Artigo Revisado por pares

Do Patients Benefit from Miniaturized Tubeless Percutaneous Nephrolithotomy? A Comparative Prospective Study

2010; Mary Ann Liebert, Inc.; Volume: 24; Issue: 7 Linguagem: Inglês

10.1089/end.2010.0111

ISSN

1557-900X

Autores

Thomas Knoll, Felix Wezel, Maurice Stephan Michel, Patrick Honeck, Gunnar Wendt‐Nordahl,

Tópico(s)

Paleopathology and ancient diseases

Resumo

Background and Purpose: A benefit of miniaturized percutaneous nephrolithotomy (MPCNL) compared with conventional percutaneous nephrolithotomy (PCNL) has not been demonstrated as yet. Thus, the aim of this study was to evaluate the outcome of conventional vs MPCNL and to determine if MPCNL offers an advantage for the patient. Patients and Methods: A prospective, nonrandomized series of 50 consecutive patients with solitary calculi (lower pole or the renal pelvis) were treated either by conventional PCNL (26F) or MPCNL (18F). Ultrasound or holmium laser were used for lithotripsy. Patients were treated tubeless after uncomplicated MPCNL, with thrombin-matrix tract closure and antegrade Double-J catheter placement.

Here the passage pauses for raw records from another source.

text \<open>Integral comparison for a decreasing power: sum_{K=1}^N K^(q-1) <= N^q / q, by the
  mean value theorem applied to z^q on each [K-1, K].\<close>

lemma sum_powr_le:
  fixes q :: real
  assumes q: "0 < q" "q \<le> 1"
  shows "(\<Sum>K\<in>{1..N}. real K powr (q - 1)) \<le> real N powr q / q"
proof (induction N)
  case (Suc N)
  have step: "real (Suc N) powr (q - 1) \<le> (real (Suc N) powr q - real N powr q) / q"
  proof (cases "N = 0")
    case False
    have "\<And>x. real N \<le> x \<Longrightarrow> x \<le> real (Suc N) \<Longrightarrow> ((\<lambda>z. z powr q) has_real_derivative q * x powr (q - 1)) (at x)"
      using False by (intro has_real_derivative_powr) auto
    then obtain z where z: "real N < z" "z < real (Suc N)"
      "real (Suc N) powr q - real N powr q = (real (Suc N) - real N) * (q * z powr (q - 1))"
      using MVT2[of "real N" "real (Suc N)" "\<lambda>z. z powr q" "\<lambda>x. q * x powr (q - 1)"] by auto
    have "real (Suc N) powr (q - 1) \<le> z powr (q - 1)"
      using z q False by (intro powr_mono2') auto
    then show ?thesis using z q by (simp add: field_simps)
  qed (use q in simp)
  have "(\<Sum>K\<in>{1..Suc N}. real K powr (q - 1)) = (\<Sum>K\<in>{1..N}. real K powr (q - 1)) + real (Suc N) powr (q - 1)"
    by simp
  also have "\<dots> \<le> real N powr q / q + (real (Suc N) powr q - real N powr q) / q"
    using Suc.IH step by (rule add_mono)
  also have "\<dots> = real (Suc N) powr q / q" by (simp add: add_divide_distrib[symmetric])
  finally show ?case .
qed simp

lemma sum_of_head_sums: "(\<Sum>t<N. \<Sum>s\<in>{..t}. f s) = (\<Sum>s<N. real (N - s) * f s :: real)"
proof (induction N)
  case (Suc N)
  have "(\<Sum>s<Suc N. real (Suc N - s) * f s) = (\<Sum>s<Suc N. real (N - s) * f s + f s)"
    by (intro sum.cong) (auto simp: Suc_diff_le algebra_simps)
  also have "\<dots> = (\<Sum>s<N. real (N - s) * f s) + (\<Sum>s\<in>{..N}. f s)"
    by (simp add: sum.distrib lessThan_Suc_atMost[symmetric])
  finally show ?case using Suc.IH by simp
qed simp

lemma sum_of_tail_sums: "(\<Sum>t<N. \<Sum>u\<in>{t..<N}. g u) = (\<Sum>u<N. real (Suc u) * g u :: real)"
proof (induction N)
  case (Suc N)
  have "(\<Sum>t<Suc N. \<Sum>u\<in>{t..<Suc N}. g u) = (\<Sum>t<N. (\<Sum>u\<in>{t..<N}. g u) + g N) + g N"
    by (simp add: sum.atLeastLessThan_Suc)
  also have "\<dots> = (\<Sum>t<N. \<Sum>u\<in>{t..<N}. g u) + real (Suc N) * g N"
    by (simp add: sum.distrib algebra_simps)
  finally show ?case using Suc.IH by simp
qed simp

section \<open>The risk bounds\<close>

text \<open>For N = 1 the cone is unconstrained, so the projection is the identity and the risk is E Z^2.\<close>

lemma risk_one: "risk 1 = 1"
proof -
  have "is_projection 1 z (\<lambda>i. if i = 0 then z 0 else 0)" for z
    unfolding is_projection_def mono_cone_def by (auto simp: sqdist_def)
  then have eta: "eta_mono 1 z = (\<lambda>i. if i = 0 then z 0 else 0)" for z
    using projection_unique eta_mono_is_projection by blast
  have "risk 1 = (\<integral>z. block_avg {0} z ^ (2*1) \<partial>gauss 1)"
    unfolding risk_def eta by (simp add: block_avg_def)
  also have "\<dots> = 1" by (subst block_avg_moment(2)) (auto simp: normal_moment_def)
  finally show ?thesis .
qed

text \<open>The linear bound (p = 1, c = 1): every block average contributes its variance.\<close>

lemma risk_le_linear: "risk N \<le> 2 * real N"
proof -
  have "risk N \<le> (\<Sum>t<N. moment_sum N 1 t)"
    using risk_le_moment_sums[of 1 "\<lambda>_. 1" N] by simp
  also have "\<dots> = (\<Sum>t<N. \<Sum>s\<in>{..t}. 1 / real (N - s)) + (\<Sum>t<N. \<Sum>u\<in>{t..<N}. 1 / real (Suc u))"
    by (simp add: moment_sum_def normal_moment_def sum.distrib)
  also have "\<dots> = 2 * real N"
    unfolding sum_of_head_sums sum_of_tail_sums by simp
  finally show ?thesis .
qed

lemma moment_sum_le_weight_power:
  assumes t: "t < N" and p: "p \<ge> 2"
  defines "w \<equiv> \<lambda>K::nat. real K powr (1 / real p - 1)"
  shows "moment_sum N p t \<le> (real p * 2 powr (1 / real p) * (w (N - t) + w (Suc t))) ^ p"
proof -
  have w_power: "w K ^ p = 1 / real K^(p-1)" if "K \<ge> 1" for K
  proof -
    have "w K ^ p = real K powr (real p * (1 / real p - 1))"
      unfolding w_def using that by (simp add: powr_power)
    also have "real p * (1 / real p - 1) = - real (p - 1)" using p by (simp add: field_simps)
    finally show ?thesis using that by (simp add: powr_minus powr_realpow divide_inverse)
  qed
  have two_power: "(2 powr (1 / real p)) ^ p = (2::real)"
    using p by (simp add: powr_power)
  have moment_nonneg: "0 \<le> normal_moment p" by (simp add: normal_moment_def)
  have "moment_sum N p t
      = normal_moment p * ((\<Sum>s\<in>{..t}. 1 / real (N - s) ^ p) + (\<Sum>u\<in>{t..<N}. 1 / real (Suc u) ^ p))"
    unfolding moment_sum_def by (simp add: sum_distrib_left algebra_simps)
  also have "\<dots> \<le> real p ^ p * (2 / real (N - t)^(p-1) + 2 / real (Suc t)^(p-1))"
    using inverse_power_head[OF t p] inverse_power_tail[OF p] normal_moment_le[of p] moment_nonneg
    by (intro mult_mono add_mono) (auto intro!: add_nonneg_nonneg sum_nonneg)
  also have "\<dots> = real p ^ p * 2 * (w (N - t) ^ p + w (Suc t) ^ p)"
    using t w_power[of "N - t"] w_power[of "Suc t"] by (simp add: ring_distribs)
  also have "\<dots> = (real p * 2 powr (1 / real p))^p * (w (N - t) ^ p + w (Suc t) ^ p)"
    by (simp add: power_mult_distrib two_power)
  also have "\<dots> \<le> (real p * 2 powr (1 / real p))^p * (w (N - t) + w (Suc t)) ^ p"
    using p by (intro mult_left_mono power_superadditive) (auto simp: w_def)
  finally show ?thesis by (simp add: power_mult_distrib)
qed

lemma risk_le_root_bound:
  assumes p: "p \<ge> 2"
  shows "risk N \<le> 2 * real p ^ 2 * (2 powr (1 / real p) * real N powr (1 / real p))"
proof -
  define q where "q = 1 / real p"
  define w where "w K = real K powr (q - 1)" for K :: nat
  define c where "c t = real p * 2 powr q * (w (N - t) + w (Suc t))" for t
  have c_pos: "c t > 0" for t unfolding c_def w_def using p by (intro mult_pos_pos add_nonneg_pos) auto
  have tangent: "(1 - 1/real p) * c t + moment_sum N p t / (real p * c t ^ (p-1)) \<le> c t" if "t < N" for t
  proof -
    have c_power: "c t ^ p = c t * c t ^ (p - 1)" using p by (cases p) auto
    have "moment_sum N p t \<le> c t ^ p"
      using moment_sum_le_weight_power[OF that p] unfolding c_def w_def q_def .
    then have "moment_sum N p t / (real p * c t ^ (p-1)) \<le> c t / real p"
      using c_pos[of t] p unfolding c_power by (simp add: divide_simps mult.commute)
    then show ?thesis by (simp add: algebra_simps)
  qed
  have head_eq_tail: "(\<Sum>t<N. w (N - t)) = (\<Sum>t<N. w (Suc t))"
    by (rule sum.reindex_bij_witness[of _ "\<lambda>t. N - Suc t" "\<lambda>t. N - Suc t"]) (auto simp: Suc_diff_Suc)
  have "risk N \<le> (\<Sum>t<N. (1 - 1/real p) * c t + moment_sum N p t / (real p * c t ^ (p-1)))"
    using p c_pos by (intro risk_le_moment_sums) auto
  also have "\<dots> \<le> (\<Sum>t<N. c t)" by (intro sum_mono tangent) auto
  also have "\<dots> = real p * 2 powr q * (2 * (\<Sum>K\<in>{1..N}. real K powr (q - 1)))"
    unfolding c_def sum_distrib_left[symmetric] sum.distrib head_eq_tail
    by (simp add: w_def sum.atLeast1_atMost_eq)
  also have "\<dots> \<le> real p * 2 powr q * (2 * (real N powr q / q))"
    using p unfolding q_def by (intro mult_left_mono sum_powr_le) auto
  also have "\<dots> = 2 * real p ^ 2 * (2 powr q * real N powr q)"
    unfolding q_def using p by (simp add: power2_eq_square field_simps)
  finally show ?thesis unfolding q_def .
qed

text \<open>With p = floor (ln N) >= 2 both roots are bounded: 2^(1/p) <= 3/2 and N^(1/p) <= e^(3/2) <= 21/4.\<close>

lemma risk_le_log_squared:
  assumes N: "N \<ge> 10"
  shows "risk N \<le> 20 * (ln (real N))^2"
proof -
  define L where "L = ln (real N)"
  have "exp (2::real) \<le> 3 * 3" unfolding exp_add[of 1 1, simplified] using exp_le by (intro mult_mono) auto
  then have L2: "2 \<le> L" unfolding L_def using N by (subst ln_ge_iff) auto
  define p where "p = nat \<lfloor>L\<rfloor>"
  have p: "p \<ge> 2" "real p \<le> L" "L < real p + 1" unfolding p_def using L2 by linarith+
  have root_two: "2 powr (1 / real p) \<le> (3/2 :: real)"
  proof -
    have "(2::real) powr (1 / real p) \<le> 2 powr (1/2)" using p by (intro powr_mono) auto
    also have "\<dots> \<le> sqrt (9/4)" by (simp add: powr_half_sqrt)
    finally show ?thesis by (simp add: real_sqrt_divide)
  qed
  have root_N: "real N powr (1 / real p) \<le> 21/4"
  proof -
    have "L / real p \<le> (real p + 1) / real p" using p by (intro divide_right_mono) auto
    also have "\<dots> \<le> 3/2" using p by (simp add: field_simps)
    finally have "real N powr (1 / real p) \<le> exp (1 + 1/2)" unfolding L_def using N by (simp add: powr_def)
    also have "exp (1/2 :: real) = sqrt (exp 1)"
      by (rule real_sqrt_unique[symmetric]) (auto simp: power2_eq_square simp flip: exp_add)
    then have "exp (1 + 1/2 :: real) = exp 1 * sqrt (exp 1)"
      by (simp only: exp_add)
    also have "\<dots> \<le> 3 * sqrt ((7/4)^2)" using exp_le by (intro mult_mono real_sqrt_le_mono) (auto simp: power2_eq_square)
    finally show ?thesis by simp
  qed
  have "risk N \<le> 2 * real p ^ 2 * (2 powr (1 / real p) * real N powr (1 / real p))"
    using risk_le_root_bound[OF p(1)] .
  also have "\<dots> \<le> 2 * L ^ 2 * (3/2 * (21/4))"
    using p root_two root_N by (intro mult_mono power_mono) auto
  also have "\<dots> \<le> 20 * L^2" by simp
  finally show ?thesis unfolding L_def .
qed

theorem mainTheorem10:
  shows "risk 1 = 1 \<and> (\<forall>N::nat. N \<ge> 10 \<longrightarrow> risk N \<le> 20 * (ln (real N))^2)
    \<and> (\<forall>N::nat. N \<ge> 1 \<longrightarrow> risk N < 2 * real N * (ln (real N) + 1))"
proof (intro conjI allI impI)
  show "risk 1 = 1" by (rule risk_one)
  show "risk N \<le> 20 * (ln (real N))^2" if "N \<ge> 10" for N using that by (rule risk_le_log_squared)
  show "risk N < 2 * real N * (ln (real N) + 1)" if N: "N \<ge> 1" for N
  proof (cases "N = 1")
    case True
    then show ?thesis using risk_one by simp
  next
    case False
    then have "0 < 2 * real N * ln (real N)" using N by simp
    then show ?thesis using risk_le_linear[of N] by (simp add: ring_distribs)
  qed
qed

end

After PCNL, all patients received 22F nephrostomies. Demographic data, stone characteristics, perioperative course, and complication rates were assessed. Results: Patients characteristics were comparable in both groups, except for stone size, which was 18 ± 8 mm (MPCNL) and 23 ± 9 (PCNL; P = 0.042). Operative time was comparable in both groups (48 ± 17 vs 57 ± 22 min, not significant [NS]). After MPCNL, 96% were stone free at day 1 vs 92% after PCNL (NS). Significant complications did not occur in both groups. Minor complications were: Fever, 12% (MPCNL) vs 20% (PCNL; NS); bleeding, 4% vs 8%; perforations, 0% vs 4% (all NS). Overall outcome was not influenced by body mass index. Calcium oxalate stones were predominant with 75%. Patients after tubeless MPCNL had less pain (visual analogue score, 3 ± 3 vs 4 ± 3; P = 0.048.) and needed slightly less additional pain medication (25 ± 12 mg/d vs 37 ± 10 mg/d piritramid; NS). Hospital stay was significantly shorter after MPCNL (3.8 ± 28 vs 6.9 ± 3.5 d; P = 0.021.). Conclusions: Both techniques were safe and effective for the management of renal calculi. While stone-free rates were comparable in our series, MPCNL showed advantages in terms of shorter hospital stay and postoperative pain. The lower stone burden and the tubeless fashion of MPCNL, however, might have influenced these results.